> _GOAL OF THE EXERCISE_
Search the entries below. Return every line that has "else" in it.

> _GIVEN RECORDS_
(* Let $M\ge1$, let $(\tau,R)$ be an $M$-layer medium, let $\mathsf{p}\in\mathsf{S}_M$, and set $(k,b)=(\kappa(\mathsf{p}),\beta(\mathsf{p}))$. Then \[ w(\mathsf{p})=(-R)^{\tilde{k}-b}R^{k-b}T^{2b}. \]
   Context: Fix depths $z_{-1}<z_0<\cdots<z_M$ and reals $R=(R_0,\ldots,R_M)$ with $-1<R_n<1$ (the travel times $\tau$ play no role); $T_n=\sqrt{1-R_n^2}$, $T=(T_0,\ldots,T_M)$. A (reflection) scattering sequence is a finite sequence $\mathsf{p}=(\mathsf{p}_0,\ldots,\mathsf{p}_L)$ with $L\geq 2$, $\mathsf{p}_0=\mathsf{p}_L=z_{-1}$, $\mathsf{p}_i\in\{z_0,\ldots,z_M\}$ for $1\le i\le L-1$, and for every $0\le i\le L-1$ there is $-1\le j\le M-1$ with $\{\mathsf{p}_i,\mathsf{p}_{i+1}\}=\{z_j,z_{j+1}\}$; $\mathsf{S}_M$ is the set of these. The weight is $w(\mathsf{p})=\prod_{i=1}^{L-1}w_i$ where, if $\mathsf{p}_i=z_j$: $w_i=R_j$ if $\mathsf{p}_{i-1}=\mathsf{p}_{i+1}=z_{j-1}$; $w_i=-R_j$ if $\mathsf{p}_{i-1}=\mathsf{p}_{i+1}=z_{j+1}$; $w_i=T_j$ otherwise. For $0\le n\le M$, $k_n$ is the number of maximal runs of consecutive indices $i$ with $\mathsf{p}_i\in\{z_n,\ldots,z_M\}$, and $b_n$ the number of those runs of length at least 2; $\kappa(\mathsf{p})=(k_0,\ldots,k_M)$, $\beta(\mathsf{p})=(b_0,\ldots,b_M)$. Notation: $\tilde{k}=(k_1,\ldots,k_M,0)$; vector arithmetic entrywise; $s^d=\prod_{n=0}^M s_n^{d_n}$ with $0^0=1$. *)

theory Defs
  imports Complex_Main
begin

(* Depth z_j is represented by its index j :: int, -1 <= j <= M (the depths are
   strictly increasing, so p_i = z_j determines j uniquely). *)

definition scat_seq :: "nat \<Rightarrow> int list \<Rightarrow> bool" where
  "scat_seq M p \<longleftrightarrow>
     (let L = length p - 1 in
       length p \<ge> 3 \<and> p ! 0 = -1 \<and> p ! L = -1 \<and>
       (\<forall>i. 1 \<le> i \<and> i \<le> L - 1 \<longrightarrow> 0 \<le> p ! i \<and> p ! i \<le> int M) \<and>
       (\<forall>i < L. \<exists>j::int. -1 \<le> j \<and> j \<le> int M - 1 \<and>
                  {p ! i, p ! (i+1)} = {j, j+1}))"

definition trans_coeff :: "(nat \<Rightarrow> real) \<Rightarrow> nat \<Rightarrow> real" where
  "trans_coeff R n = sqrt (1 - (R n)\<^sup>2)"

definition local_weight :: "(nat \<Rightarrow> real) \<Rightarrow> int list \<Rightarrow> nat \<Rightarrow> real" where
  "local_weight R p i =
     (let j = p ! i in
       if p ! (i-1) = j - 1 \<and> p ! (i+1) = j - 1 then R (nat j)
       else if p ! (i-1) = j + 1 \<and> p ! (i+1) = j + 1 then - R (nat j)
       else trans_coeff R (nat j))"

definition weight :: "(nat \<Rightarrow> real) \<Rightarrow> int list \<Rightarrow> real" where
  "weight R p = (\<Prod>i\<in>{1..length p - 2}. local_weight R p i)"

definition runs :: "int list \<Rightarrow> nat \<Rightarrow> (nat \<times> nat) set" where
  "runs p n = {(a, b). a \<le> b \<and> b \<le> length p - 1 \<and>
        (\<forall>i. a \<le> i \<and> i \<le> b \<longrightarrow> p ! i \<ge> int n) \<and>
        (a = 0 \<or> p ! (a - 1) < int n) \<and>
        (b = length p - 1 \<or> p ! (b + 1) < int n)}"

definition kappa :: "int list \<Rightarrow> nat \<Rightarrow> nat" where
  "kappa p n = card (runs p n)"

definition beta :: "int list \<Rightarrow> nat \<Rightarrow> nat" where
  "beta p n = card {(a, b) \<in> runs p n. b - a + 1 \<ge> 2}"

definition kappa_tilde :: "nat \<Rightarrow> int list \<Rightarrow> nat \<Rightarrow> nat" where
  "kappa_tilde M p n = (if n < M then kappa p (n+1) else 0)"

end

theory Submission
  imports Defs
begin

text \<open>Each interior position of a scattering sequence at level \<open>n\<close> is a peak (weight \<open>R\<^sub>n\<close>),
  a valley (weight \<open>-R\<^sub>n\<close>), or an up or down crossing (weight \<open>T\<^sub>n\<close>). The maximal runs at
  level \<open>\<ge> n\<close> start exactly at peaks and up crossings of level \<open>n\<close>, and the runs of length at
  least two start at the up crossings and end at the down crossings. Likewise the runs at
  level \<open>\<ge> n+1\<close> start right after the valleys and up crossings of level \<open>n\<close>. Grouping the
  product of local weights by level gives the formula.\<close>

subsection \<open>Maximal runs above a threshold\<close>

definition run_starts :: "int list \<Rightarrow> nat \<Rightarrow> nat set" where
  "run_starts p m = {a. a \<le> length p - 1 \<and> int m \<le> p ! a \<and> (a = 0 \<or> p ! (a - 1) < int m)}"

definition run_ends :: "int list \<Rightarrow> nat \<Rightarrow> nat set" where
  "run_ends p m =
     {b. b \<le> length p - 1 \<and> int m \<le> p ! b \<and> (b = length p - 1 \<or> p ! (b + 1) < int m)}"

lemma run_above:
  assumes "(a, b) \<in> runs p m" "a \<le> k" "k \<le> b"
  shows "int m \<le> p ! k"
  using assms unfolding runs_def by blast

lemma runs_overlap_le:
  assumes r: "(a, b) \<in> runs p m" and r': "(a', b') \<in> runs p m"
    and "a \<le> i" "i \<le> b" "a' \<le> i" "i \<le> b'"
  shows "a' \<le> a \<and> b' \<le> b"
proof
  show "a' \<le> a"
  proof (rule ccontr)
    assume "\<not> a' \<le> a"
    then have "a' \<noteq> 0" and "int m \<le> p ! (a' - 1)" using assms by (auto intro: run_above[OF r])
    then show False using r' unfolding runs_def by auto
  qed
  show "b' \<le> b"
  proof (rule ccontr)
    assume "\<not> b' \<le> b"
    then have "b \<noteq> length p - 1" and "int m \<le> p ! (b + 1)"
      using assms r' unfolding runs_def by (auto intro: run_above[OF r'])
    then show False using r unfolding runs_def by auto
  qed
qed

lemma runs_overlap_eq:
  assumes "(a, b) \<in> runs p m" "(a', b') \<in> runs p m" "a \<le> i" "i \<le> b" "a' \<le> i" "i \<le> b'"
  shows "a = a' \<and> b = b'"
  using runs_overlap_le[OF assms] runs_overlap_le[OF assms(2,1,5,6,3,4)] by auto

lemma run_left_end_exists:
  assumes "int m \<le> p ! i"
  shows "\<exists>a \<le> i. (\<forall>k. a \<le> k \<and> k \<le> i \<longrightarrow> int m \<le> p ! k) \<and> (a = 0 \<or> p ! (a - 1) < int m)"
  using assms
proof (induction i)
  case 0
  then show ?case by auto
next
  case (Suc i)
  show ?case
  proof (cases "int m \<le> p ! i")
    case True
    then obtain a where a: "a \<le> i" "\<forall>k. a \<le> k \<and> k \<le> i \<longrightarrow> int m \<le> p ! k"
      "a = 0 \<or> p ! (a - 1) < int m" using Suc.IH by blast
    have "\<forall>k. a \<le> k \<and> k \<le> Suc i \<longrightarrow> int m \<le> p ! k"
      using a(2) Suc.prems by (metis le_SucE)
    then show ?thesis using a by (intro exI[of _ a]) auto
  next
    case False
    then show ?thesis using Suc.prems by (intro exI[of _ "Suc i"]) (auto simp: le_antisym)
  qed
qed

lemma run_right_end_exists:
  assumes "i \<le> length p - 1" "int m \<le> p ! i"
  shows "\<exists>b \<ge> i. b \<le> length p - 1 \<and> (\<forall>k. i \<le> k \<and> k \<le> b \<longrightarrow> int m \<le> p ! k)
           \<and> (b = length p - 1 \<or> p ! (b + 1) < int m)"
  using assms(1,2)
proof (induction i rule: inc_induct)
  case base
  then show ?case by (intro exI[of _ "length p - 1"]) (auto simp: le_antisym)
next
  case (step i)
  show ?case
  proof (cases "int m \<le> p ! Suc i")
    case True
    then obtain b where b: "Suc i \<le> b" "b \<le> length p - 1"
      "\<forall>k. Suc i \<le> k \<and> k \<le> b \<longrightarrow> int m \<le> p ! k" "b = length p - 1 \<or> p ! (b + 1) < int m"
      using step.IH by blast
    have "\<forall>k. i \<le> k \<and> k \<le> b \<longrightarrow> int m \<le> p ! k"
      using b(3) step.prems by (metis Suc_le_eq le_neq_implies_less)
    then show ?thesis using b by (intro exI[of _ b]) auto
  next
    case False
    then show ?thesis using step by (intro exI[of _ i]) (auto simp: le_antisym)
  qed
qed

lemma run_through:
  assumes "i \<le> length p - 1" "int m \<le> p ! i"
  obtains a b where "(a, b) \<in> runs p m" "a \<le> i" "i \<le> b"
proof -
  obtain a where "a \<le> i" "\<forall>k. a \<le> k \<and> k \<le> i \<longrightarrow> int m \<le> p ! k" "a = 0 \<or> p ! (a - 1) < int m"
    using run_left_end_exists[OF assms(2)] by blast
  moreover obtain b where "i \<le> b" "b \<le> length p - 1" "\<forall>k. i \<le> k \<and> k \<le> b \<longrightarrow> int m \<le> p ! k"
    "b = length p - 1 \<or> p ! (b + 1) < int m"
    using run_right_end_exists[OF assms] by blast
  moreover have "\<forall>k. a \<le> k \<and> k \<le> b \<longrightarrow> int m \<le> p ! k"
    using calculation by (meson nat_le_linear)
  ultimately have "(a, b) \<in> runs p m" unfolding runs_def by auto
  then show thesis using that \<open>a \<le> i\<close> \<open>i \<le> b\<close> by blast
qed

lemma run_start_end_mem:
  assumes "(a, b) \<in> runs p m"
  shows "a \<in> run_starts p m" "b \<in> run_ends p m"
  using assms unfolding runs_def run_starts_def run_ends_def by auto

...

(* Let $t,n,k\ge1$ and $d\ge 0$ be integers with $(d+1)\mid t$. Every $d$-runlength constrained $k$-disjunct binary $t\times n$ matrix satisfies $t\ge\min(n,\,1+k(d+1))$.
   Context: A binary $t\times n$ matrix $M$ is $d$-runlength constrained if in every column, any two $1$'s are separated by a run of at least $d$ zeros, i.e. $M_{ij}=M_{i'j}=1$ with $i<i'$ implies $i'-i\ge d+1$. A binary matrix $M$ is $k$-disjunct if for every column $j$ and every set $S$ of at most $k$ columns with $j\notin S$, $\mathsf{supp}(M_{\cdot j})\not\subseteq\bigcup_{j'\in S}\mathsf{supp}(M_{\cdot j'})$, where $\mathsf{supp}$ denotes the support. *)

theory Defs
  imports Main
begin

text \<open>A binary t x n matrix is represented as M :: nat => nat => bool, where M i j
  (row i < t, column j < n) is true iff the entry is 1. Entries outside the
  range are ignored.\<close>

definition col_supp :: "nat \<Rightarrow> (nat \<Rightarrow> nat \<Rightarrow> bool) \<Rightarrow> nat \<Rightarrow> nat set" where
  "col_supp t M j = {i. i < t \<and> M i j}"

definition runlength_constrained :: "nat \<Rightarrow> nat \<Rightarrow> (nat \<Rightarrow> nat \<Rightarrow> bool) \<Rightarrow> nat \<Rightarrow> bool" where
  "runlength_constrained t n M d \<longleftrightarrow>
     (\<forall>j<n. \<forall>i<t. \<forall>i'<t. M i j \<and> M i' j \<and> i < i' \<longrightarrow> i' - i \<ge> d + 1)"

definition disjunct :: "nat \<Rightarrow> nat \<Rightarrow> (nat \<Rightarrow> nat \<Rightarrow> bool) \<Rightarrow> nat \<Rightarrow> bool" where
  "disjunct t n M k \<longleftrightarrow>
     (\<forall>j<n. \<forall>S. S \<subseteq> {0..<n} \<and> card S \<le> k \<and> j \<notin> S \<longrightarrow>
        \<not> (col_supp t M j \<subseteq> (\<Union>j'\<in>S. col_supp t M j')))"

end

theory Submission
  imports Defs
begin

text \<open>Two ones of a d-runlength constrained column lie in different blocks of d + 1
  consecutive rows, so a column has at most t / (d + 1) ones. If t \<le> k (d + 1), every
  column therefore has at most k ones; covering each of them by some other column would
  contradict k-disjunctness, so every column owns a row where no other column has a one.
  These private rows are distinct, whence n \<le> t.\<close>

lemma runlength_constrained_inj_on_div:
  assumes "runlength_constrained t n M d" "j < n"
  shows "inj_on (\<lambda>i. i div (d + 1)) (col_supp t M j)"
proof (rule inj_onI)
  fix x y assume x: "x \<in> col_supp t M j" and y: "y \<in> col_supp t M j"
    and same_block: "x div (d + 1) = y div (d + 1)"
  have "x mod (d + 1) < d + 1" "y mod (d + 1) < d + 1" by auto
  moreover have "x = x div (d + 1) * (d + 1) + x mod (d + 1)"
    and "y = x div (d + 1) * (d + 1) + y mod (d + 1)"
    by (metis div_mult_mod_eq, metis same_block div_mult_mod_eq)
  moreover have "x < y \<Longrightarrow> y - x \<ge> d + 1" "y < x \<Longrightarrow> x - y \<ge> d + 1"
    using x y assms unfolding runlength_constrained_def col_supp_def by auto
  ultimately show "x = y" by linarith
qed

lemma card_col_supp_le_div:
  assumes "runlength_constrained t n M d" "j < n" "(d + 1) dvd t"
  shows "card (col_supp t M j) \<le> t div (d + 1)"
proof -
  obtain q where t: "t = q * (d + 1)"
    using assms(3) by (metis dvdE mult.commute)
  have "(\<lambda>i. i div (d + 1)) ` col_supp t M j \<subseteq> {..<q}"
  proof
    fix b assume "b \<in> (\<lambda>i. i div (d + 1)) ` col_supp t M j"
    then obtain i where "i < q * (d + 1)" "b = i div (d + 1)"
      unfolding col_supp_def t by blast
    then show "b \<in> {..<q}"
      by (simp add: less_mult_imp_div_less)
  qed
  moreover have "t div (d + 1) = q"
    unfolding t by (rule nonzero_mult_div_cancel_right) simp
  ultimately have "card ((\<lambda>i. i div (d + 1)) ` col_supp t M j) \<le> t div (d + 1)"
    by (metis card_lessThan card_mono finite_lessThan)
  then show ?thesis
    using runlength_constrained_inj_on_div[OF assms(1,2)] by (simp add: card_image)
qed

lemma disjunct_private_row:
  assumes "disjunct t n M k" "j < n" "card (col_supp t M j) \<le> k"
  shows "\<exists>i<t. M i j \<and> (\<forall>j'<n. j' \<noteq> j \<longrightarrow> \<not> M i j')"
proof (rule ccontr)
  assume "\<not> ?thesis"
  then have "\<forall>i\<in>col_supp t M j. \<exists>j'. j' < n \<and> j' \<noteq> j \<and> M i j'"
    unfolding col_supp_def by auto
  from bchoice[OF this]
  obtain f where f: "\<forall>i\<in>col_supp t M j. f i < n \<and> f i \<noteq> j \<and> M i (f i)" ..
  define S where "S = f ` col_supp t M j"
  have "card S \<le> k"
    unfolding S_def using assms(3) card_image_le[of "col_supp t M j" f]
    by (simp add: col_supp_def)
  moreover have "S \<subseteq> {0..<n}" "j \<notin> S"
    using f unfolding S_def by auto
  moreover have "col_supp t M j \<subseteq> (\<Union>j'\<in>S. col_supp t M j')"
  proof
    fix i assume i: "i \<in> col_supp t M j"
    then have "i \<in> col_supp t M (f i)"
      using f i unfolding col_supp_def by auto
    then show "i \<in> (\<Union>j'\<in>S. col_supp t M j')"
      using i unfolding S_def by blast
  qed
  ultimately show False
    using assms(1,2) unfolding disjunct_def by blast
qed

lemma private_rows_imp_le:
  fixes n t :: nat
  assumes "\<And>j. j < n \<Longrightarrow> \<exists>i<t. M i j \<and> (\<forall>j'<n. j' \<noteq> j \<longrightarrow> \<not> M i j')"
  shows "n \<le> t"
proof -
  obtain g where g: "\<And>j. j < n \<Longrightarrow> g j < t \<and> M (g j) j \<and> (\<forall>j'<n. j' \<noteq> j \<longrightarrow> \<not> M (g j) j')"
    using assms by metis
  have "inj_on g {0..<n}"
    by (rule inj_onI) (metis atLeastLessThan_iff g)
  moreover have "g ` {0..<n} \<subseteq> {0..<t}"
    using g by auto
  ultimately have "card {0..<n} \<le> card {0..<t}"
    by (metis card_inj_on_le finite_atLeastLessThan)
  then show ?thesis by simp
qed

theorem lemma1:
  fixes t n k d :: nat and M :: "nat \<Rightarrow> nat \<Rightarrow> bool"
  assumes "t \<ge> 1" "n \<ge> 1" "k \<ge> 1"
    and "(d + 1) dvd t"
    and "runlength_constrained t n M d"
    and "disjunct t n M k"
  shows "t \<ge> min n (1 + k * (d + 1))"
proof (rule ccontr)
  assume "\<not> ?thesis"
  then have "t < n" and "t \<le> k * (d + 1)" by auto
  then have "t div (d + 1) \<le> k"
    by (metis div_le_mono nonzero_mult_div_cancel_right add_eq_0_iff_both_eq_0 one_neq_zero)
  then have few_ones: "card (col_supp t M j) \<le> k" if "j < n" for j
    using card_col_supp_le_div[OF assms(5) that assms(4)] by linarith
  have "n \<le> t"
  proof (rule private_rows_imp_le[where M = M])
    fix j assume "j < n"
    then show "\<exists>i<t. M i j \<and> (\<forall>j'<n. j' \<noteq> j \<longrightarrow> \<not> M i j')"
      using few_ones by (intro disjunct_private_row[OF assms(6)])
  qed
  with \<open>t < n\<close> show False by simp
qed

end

> _FINISHED EXERCISE_
       else if p ! (i-1) = j + 1 \<and> p ! (i+1) = j + 1 then - R (nat j)
       else trans_coeff R (nat j))"
  "kappa_tilde M p n = (if n < M then kappa p (n+1) else 0)"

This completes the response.